Originally, the film ended with Sykes redeeming himself. In the original ending, Sykes attempted to burn down the house with the family in it, recreating what he did to his abusive family when he was a child. However, when he sees the terrified faces of the family, he realizes that he has become as evil as his parents. Though he has been rejected, he still loves this family. He pushes them out the window to safety.

As he watches them kiss and hug each other, Tom realizes he can never be a part of them, and lets the house burn down around him, killing himself. Although the studio was very supportive of the film director Matthew Patrick wanted to make, the studio eventually decided to have a more commercially safe Fatal Attraction-style ending, where Sykes becomes evil beyond redemption, attempts to murder the family and is eventually shot dead. This is eventually what was filmed and put into the film.

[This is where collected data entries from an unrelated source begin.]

(* For every $j\in\{1,\dots,N\}$ with $S_j\neq\emptyset$, let $V^{(j),\rm opt}$ be the optimal value of (P1) with pairs restricted to $\mathcal M^{\rm narrow}$ and metric $p$ replaced by $p_1^{(j)}$. Then $p_2^{(j-1)}(U_j^*,c_j^* )\ge V^{(j),\rm opt}/(T+1+\Delta+2J)$.
   Context: Setup as for problem (P1): users $\{1,\dots,K\}$ partitioned into groups $\mathcal G_1,\dots,\mathcal G_L$; $N$ RBs; chunks are vectors $c\in\{0,1\}^N$ whose ones form a nonempty contiguous block, ${\rm Tail}(c)$ the last index of $c$, chunks intersect if they share an index; $\mathcal U$ = nonempty $U\subseteq\{1,\dots,K\}$ with $|U|\le T$, $|U\cap\mathcal G_s|\le1\ \forall s$; pairs are elements of $\mathcal U\times\mathcal C$. Metrics $p\ge0$; weights $\beta^q\in[0,1]$ ($q=1,\dots,J$); binary weights $\alpha^q\in\{0,1\}$ ($q\in\mathcal I$) with $\sum_{q\in\mathcal I}\alpha^q(U,c)\le\Delta$ per pair. A set $F$ of pairs is feasible if each group meets $U$ for at most one element of $F$, each RB lies in $c$ for at most one element, $\sum_F\beta^q\le1$ ($q\le J$) and $\sum_F\alpha^q\le1$ ($q\in\mathcal I$); (P1) maximizes the sum of the metric over feasible $F$. Pairs $(U,c),(U',c')$ conflict if some group meets both $U,U'$, or $c,c'$ intersect, or some $q\in\mathcal I$ has $\alpha^q(U,c)=\alpha^q(U',c')=1$. $\mathcal M^{\rm narrow}$ = pairs with $\beta^q\le1/2$ for all $q\le J$; $\max_q\beta^q:=0$ if $J=0$; $(x)^+=\max\{x,0\}$. Recursion: $p_2^{(0)}=p$ on $\mathcal M^{\rm narrow}$. For $j=1,\dots,N$: let $(U_j^*,c_j^* )$ maximize $p_2^{(j-1)}$ over pairs of $\mathcal M^{\rm narrow}$ with ${\rm Tail}(c)=j$; $S_j=(U_j^*,c_j^* )$ if $p_2^{(j-1)}(U_j^*,c_j^* )>0$, else $S_j=\emptyset$. For $(U,c)\in\mathcal M^{\rm narrow}$, $p_1^{(j)}(U,c)=(p_2^{(j-1)}(U_j^*,c_j^* ))^+\mathbf 1[p_2^{(j-1)}(U,c)>0]$ if $(U,c)$ conflicts with $(U_j^*,c_j^* )$, and $p_1^{(j)}(U,c)=2(p_2^{(j-1)}(U_j^*,c_j^* ))^+\mathbf 1[p_2^{(j-1)}(U,c)>0]\max_{q\le J}\beta^q(U,c)$ otherwise; $p_2^{(j)}=p_2^{(j-1)}-p_1^{(j)}$. *)

theory Defs
  imports Complex_Main
begin

text \<open>A pair is (U, c): a user set U and a chunk c, the chunk being represented by
  its support (the set of RB indices where the 0/1 vector equals 1).\<close>
type_synonym pair = "nat set \<times> nat set"

definition chunks :: "nat \<Rightarrow> nat set set" where
  "chunks N = {{a..b} | a b. 1 \<le> a \<and> a \<le> b \<and> b \<le> N}"

definition Tail :: "nat set \<Rightarrow> nat" where
  "Tail c = Max c"

definition users :: "nat \<Rightarrow> nat \<Rightarrow> nat \<Rightarrow> (nat \<Rightarrow> nat set) \<Rightarrow> nat set set" where
  "users K L T G = {U. U \<noteq> {} \<and> U \<subseteq> {1..K} \<and> card U \<le> T \<and>
                        (\<forall>s\<in>{1..L}. card (U \<inter> G s) \<le> 1)}"

definition pairs :: "nat \<Rightarrow> nat \<Rightarrow> nat \<Rightarrow> (nat \<Rightarrow> nat set) \<Rightarrow> nat \<Rightarrow> pair set" where
  "pairs K L T G N = users K L T G \<times> chunks N"

definition narrow :: "nat \<Rightarrow> nat \<Rightarrow> nat \<Rightarrow> (nat \<Rightarrow> nat set) \<Rightarrow> nat \<Rightarrow>
                      nat \<Rightarrow> (nat \<Rightarrow> pair \<Rightarrow> real) \<Rightarrow> pair set" where
  "narrow K L T G N J \<beta> = {x \<in> pairs K L T G N. \<forall>q\<in>{1..J}. \<beta> q x \<le> 1/2}"

definition maxbeta :: "nat \<Rightarrow> (nat \<Rightarrow> pair \<Rightarrow> real) \<Rightarrow> pair \<Rightarrow> real" where
  "maxbeta J \<beta> x = (if J = 0 then 0 else Max ((\<lambda>q. \<beta> q x) ` {1..J}))"

definition conflict :: "nat \<Rightarrow> (nat \<Rightarrow> nat set) \<Rightarrow> nat set \<Rightarrow> (nat \<Rightarrow> pair \<Rightarrow> real)
                        \<Rightarrow> pair \<Rightarrow> pair \<Rightarrow> bool" where
  "conflict L G I \<alpha> x y \<longleftrightarrow>
     (\<exists>s\<in>{1..L}. fst x \<inter> G s \<noteq> {} \<and> fst y \<inter> G s \<noteq> {}) \<or>
     snd x \<inter> snd y \<noteq> {} \<or>
     (\<exists>q\<in>I. \<alpha> q x = 1 \<and> \<alpha> q y = 1)"

definition feasible :: "nat \<Rightarrow> (nat \<Rightarrow> nat set) \<Rightarrow> nat \<Rightarrow> nat \<Rightarrow> (nat \<Rightarrow> pair \<Rightarrow> real)
                        \<Rightarrow> nat set \<Rightarrow> (nat \<Rightarrow> pair \<Rightarrow> real) \<Rightarrow> pair set \<Rightarrow> bool" where
  "feasible L G N J \<beta> I \<alpha> F \<longleftrightarrow>
     (\<forall>s\<in>{1..L}. card {x\<in>F. fst x \<inter> G s \<noteq> {}} \<le> 1) \<and>
     (\<forall>n\<in>{1..N}. card {x\<in>F. n \<in> snd x} \<le> 1) \<and>
     (\<forall>q\<in>{1..J}. (\<Sum>x\<in>F. \<beta> q x) \<le> 1) \<and>
     (\<forall>q\<in>I. (\<Sum>x\<in>F. \<alpha> q x) \<le> 1)"

definition opt_val :: "pair set \<Rightarrow> nat \<Rightarrow> (nat \<Rightarrow> nat set) \<Rightarrow> nat \<Rightarrow> nat \<Rightarrow> (nat \<Rightarrow> pair \<Rightarrow> real)
                        \<Rightarrow> nat set \<Rightarrow> (nat \<Rightarrow> pair \<Rightarrow> real) \<Rightarrow> (pair \<Rightarrow> real) \<Rightarrow> real" where
  "opt_val M L G N J \<beta> I \<alpha> f =
     Max {(\<Sum>x\<in>F. f x) | F. F \<subseteq> M \<and> feasible L G N J \<beta> I \<alpha> F}"

text \<open>p_1^{(j)} given q2 = p_2^{(j-1)} and the selected pair s = (U_j^*, c_j^*).\<close>
definition rec_p1 :: "nat \<Rightarrow> (nat \<Rightarrow> nat set) \<Rightarrow> nat set \<Rightarrow> (nat \<Rightarrow> pair \<Rightarrow> real) \<Rightarrow> nat
                      \<Rightarrow> (nat \<Rightarrow> pair \<Rightarrow> real) \<Rightarrow> (pair \<Rightarrow> real) \<Rightarrow> pair \<Rightarrow> pair \<Rightarrow> real" where
  "rec_p1 L G I \<alpha> J \<beta> q2 s x =
     (if conflict L G I \<alpha> s x
      then max (q2 s) 0 * (if q2 x > 0 then 1 else 0)
      else 2 * max (q2 s) 0 * (if q2 x > 0 then 1 else 0) * maxbeta J \<beta> x)"

end

theory Submission
  imports Defs
begin

(* Write s for the pair selected at step j and
   w = p_2^{(j-1)}(s) > 0.  For a feasible set F of narrow pairs, p_1^{(j)}(x) is at most w when x conflicts with s
   and p_2^{(j-1)}(x) > 0, plus 2 w max_q beta^q(x) <= 2 w sum_q beta^q(x) in any case.
   Summing over F, the beta-part contributes at most 2 w J by the capacity constraints.
   For the conflict part we count the positive pairs of F conflicting with s:
   at most T via the (at most T) groups met by U_j^*, at most Delta via the binary
   constraints active at s, and at most 1 via RBs.  The last count uses the recursion:
   p_2 only decreases, and every pair is made nonpositive at the step of its own tail,
   so a pair still positive before step j has tail >= j; a chunk overlapping the chunk of s
   (whose tail is j) then contains RB j, and only one pair of F can contain RB j. *)

lemma chunk_cases:
  assumes "c \<in> chunks N"
  obtains a b where "c = {a..b}" "1 \<le> a" "a \<le> b" "b \<le> N" "Tail c = b"
proof -
  obtain a b where "c = {a..b}" "1 \<le> a" "a \<le> b" "b \<le> N"
    using assms unfolding chunks_def by auto
  moreover have "Max {a..b} = b" using \<open>a \<le> b\<close> by (intro Max_eqI) auto
  ultimately show ?thesis using that unfolding Tail_def by blast
qed

lemma chunk_overlap_contains_tail:
  assumes "c \<in> chunks N" "c' \<in> chunks N" "Tail c' = n" "n \<le> Tail c" "c \<inter> c' \<noteq> {}"
  shows "n \<in> c"
proof -
  obtain a b where "c = {a..b}" "Tail c = b" using chunk_cases[OF assms(1)] by blast
  moreover obtain a' b' where "c' = {a'..b'}" "Tail c' = b'" using chunk_cases[OF assms(2)] by blast
  ultimately show ?thesis using assms(3-5) by auto
qed

lemma finite_pairs: "finite (pairs K L T G N)"
proof -
  have "users K L T G \<subseteq> Pow {1..K}" unfolding users_def by auto
  moreover have "chunks N \<subseteq> Pow {1..N}" unfolding chunks_def by auto
  ultimately show ?thesis unfolding pairs_def by (auto intro: finite_subset)
qed

lemma maxbeta_bounds:
  assumes "\<forall>q\<in>{1..J}. 0 \<le> \<beta> q x"
  shows "0 \<le> maxbeta J \<beta> x" "maxbeta J \<beta> x \<le> (\<Sum>q\<in>{1..J}. \<beta> q x)"
proof -
  have "0 \<le> maxbeta J \<beta> x \<and> maxbeta J \<beta> x \<le> (\<Sum>q\<in>{1..J}. \<beta> q x)"
  proof (cases "J = 0")
    case True thus ?thesis by (simp add: maxbeta_def)
  next
    case False
    have "Max ((\<lambda>q. \<beta> q x) ` {1..J}) \<in> (\<lambda>q. \<beta> q x) ` {1..J}"
      using False by (intro Max_in) auto
    then obtain q where q: "q \<in> {1..J}" "Max ((\<lambda>q. \<beta> q x) ` {1..J}) = \<beta> q x" by auto
    have "\<beta> q x \<le> (\<Sum>q\<in>{1..J}. \<beta> q x)" using q(1) assms by (intro member_le_sum) auto
    thus ?thesis using q assms False by (simp add: maxbeta_def)
  qed
  thus "0 \<le> maxbeta J \<beta> x" "maxbeta J \<beta> x \<le> (\<Sum>q\<in>{1..J}. \<beta> q x)" by auto
qed

lemma sum_binary_eq_card:
  assumes "finite A" "\<forall>x\<in>A. a x = 0 \<or> a x = 1"
  shows "(\<Sum>x\<in>A. a x) = real (card {x\<in>A. a x = (1::real)})"
proof -
  have "(\<Sum>x\<in>A. a x) = (\<Sum>x\<in>{x\<in>A. a x = 1}. a x)"
    using assms by (intro sum.mono_neutral_right) auto
  thus ?thesis by simp
qed

text \<open>Disjoint groups each met by U have distinct representatives in U.\<close>
lemma card_groups_meeting_le:
  assumes "finite U" "\<forall>s\<in>S. \<forall>t\<in>S. s \<noteq> t \<longrightarrow> G s \<inter> G t = {}"
  shows "card {g\<in>S. U \<inter> G g \<noteq> {}} \<le> card U"
proof -
  define Gs where "Gs = {g\<in>S. U \<inter> G g \<noteq> {}}"
  define h where "h g = (SOME u. u \<in> U \<inter> G g)" for g
  have h_in: "h g \<in> U \<inter> G g" if "g \<in> Gs" for g
  proof -
    have "U \<inter> G g \<noteq> {}" using that unfolding Gs_def by simp
    thus ?thesis unfolding h_def by (metis some_in_eq)
  qed
  have "inj_on h Gs"
  proof (rule inj_onI)
    fix g1 g2 assume g: "g1 \<in> Gs" "g2 \<in> Gs" "h g1 = h g2"
    hence "G g1 \<inter> G g2 \<noteq> {}" using h_in[of g1] h_in[of g2] by auto
    thus "g1 = g2" using g(1,2) assms(2) unfolding Gs_def by blast
  qed
  moreover have "h ` Gs \<subseteq> U" using h_in by auto
  ultimately have "card Gs \<le> card U" using assms(1) by (rule card_inj_on_le)
  thus ?thesis unfolding Gs_def .
qed

text \<open>If every chunk-conflict with s passes through RB n, at most T + 1 + Delta pairs of a
  feasible set conflict with s: T through groups, one through RB n, Delta through the
  binary constraints.\<close>
lemma card_conflicting_le:
  assumes disjoint: "\<forall>s\<in>{1..L}. \<forall>t\<in>{1..L}. s \<noteq> t \<longrightarrow> G s \<inter> G t = {}"
    and users: "fst s \<in> users K L T G"
    and I_finite: "finite I"
    and binary: "\<forall>q\<in>I. \<forall>x\<in>insert s F. \<alpha> q x = 0 \<or> \<alpha> q x = 1"
    and alpha_sum: "(\<Sum>q\<in>I. \<alpha> q s) \<le> real \<Delta>"
    and feas: "feasible L G N J \<beta> I \<alpha> F" and F_finite: "finite F"
    and n: "n \<in> {1..N}"
    and A: "A \<subseteq> F" "\<forall>x\<in>A. conflict L G I \<alpha> s x \<and> (snd s \<inter> snd x \<noteq> {} \<longrightarrow> n \<in> snd x)"
  shows "card A \<le> T + 1 + \<Delta>"
proof -
  define Gs where "Gs = {g\<in>{1..L}. fst s \<inter> G g \<noteq> {}}"
  define Is where "Is = {q\<in>I. \<alpha> q s = 1}"
  define A1 where "A1 = (\<Union>g\<in>Gs. {x\<in>F. fst x \<inter> G g \<noteq> {}})"
  define A2 where "A2 = {x\<in>F. n \<in> snd x}"
  define A3 where "A3 = (\<Union>q\<in>Is. {x\<in>F. \<alpha> q x = 1})"
  have "A \<subseteq> A1 \<union> A2 \<union> A3"
  proof
    fix x assume "x \<in> A"
    hence "x \<in> F" "conflict L G I \<alpha> s x" "snd s \<inter> snd x \<noteq> {} \<longrightarrow> n \<in> snd x" using A by auto
    thus "x \<in> A1 \<union> A2 \<union> A3"
      unfolding conflict_def A1_def A2_def A3_def Gs_def Is_def by blast
  qed
  moreover have "A1 \<subseteq> F" "A2 \<subseteq> F" "A3 \<subseteq> F" unfolding A1_def A2_def A3_def by auto
  hence "finite A1" "finite A2" "finite A3" using F_finite finite_subset by blast+
  ultimately have "card A \<le> card (A1 \<union> A2 \<union> A3)" by (intro card_mono) auto
  also have "\<dots> \<le> card A1 + card A2 + card A3"
    by (meson card_Un_le le_trans add_le_mono order_refl)
  finally have "card A \<le> card A1 + card A2 + card A3" .
  moreover have "card A1 \<le> T"
  proof -
    have "card A1 \<le> (\<Sum>g\<in>Gs. card {x\<in>F. fst x \<inter> G g \<noteq> {}})"
      unfolding A1_def by (rule card_UN_le) (simp add: Gs_def)
    also have "\<dots> \<le> (\<Sum>g\<in>Gs. 1)"
      using feas unfolding feasible_def Gs_def by (intro sum_mono) auto
    also have "\<dots> = card Gs" by simp
    also have "\<dots> \<le> card (fst s)"
      unfolding Gs_def using users disjoint
      by (intro card_groups_meeting_le) (auto simp: users_def intro: finite_subset)
    finally show ?thesis using users unfolding users_def by simp
  qed
  moreover have "card A2 \<le> 1" using feas n unfolding feasible_def A2_def by auto
  moreover have "card A3 \<le> \<Delta>"
  proof -
    have "card A3 \<le> (\<Sum>q\<in>Is. card {x\<in>F. \<alpha> q x = 1})"
      unfolding A3_def by (rule card_UN_le) (simp add: Is_def I_finite)
    also have "\<dots> \<le> (\<Sum>q\<in>Is. 1)"
    proof (rule sum_mono)
      fix q assume "q \<in> Is"
      thus "card {x\<in>F. \<alpha> q x = 1} \<le> 1"
        using feas binary sum_binary_eq_card[OF F_finite, of "\<alpha> q"]
        unfolding feasible_def Is_def by auto
    qed
    also have "\<dots> = card Is" by simp
    also have "\<dots> \<le> \<Delta>"
      using sum_binary_eq_card[OF I_finite, of "\<lambda>q. \<alpha> q s"] binary alpha_sum
      unfolding Is_def by auto
    finally show ?thesis .
  qed
  ultimately show ?thesis by linarith
qed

A couple years later, Matthew Patrick saw the film's executive producer, Steven Reuther, again at the Academy Awards. Reuther said, "you know what… I think you were right… that would have made a better ending." On this, Patrick said: "I really admire Steve, that he could say that."

==Release==
The film was scheduled to be released in 1,200 theaters in the United States. Vestron was in financial trouble at the time and the movie was shelved, never receiving a theatrical release in the United States, and was screened only at film festivals. The film had a previous distribution agreement and was released theatrically in Europe, but only played for a week in a theater before it was pulled. However, it was given a U.K. cinema release on October 18, 1989 and an 18 rating.

The film received excellent reviews and notices wherever it opened. The movie won a Saturn Award for best home video release, which director Matthew Patrick only discovered many years later, after he was on the Director's Guild.

Hider in the Houses earnings have never been confirmed.

===Home media===
On August 22, 1991, the film was released on videocassette (VHS) and laserdisc in the United States by Vestron Video.

The film was then released in 2001 on DVD in the United Kingdom by Columbia Tri-Star Home Video. Lions Gate Home Entertainment never announced any plans for a Region 1 DVD release. On October 14, 2025, it was released on Blu-ray as part of the Vestron Video Collector's Series.

==Reception==
===Critical response===
In a Variety review, the film was praised as "an intelligent, gripping and sometimes compelling psychological thriller" with "attractive performances" by Rogers and Busey and that Matthew Patrick "directs with a good deal of thought and intelligence and does not rely on violence or shock value."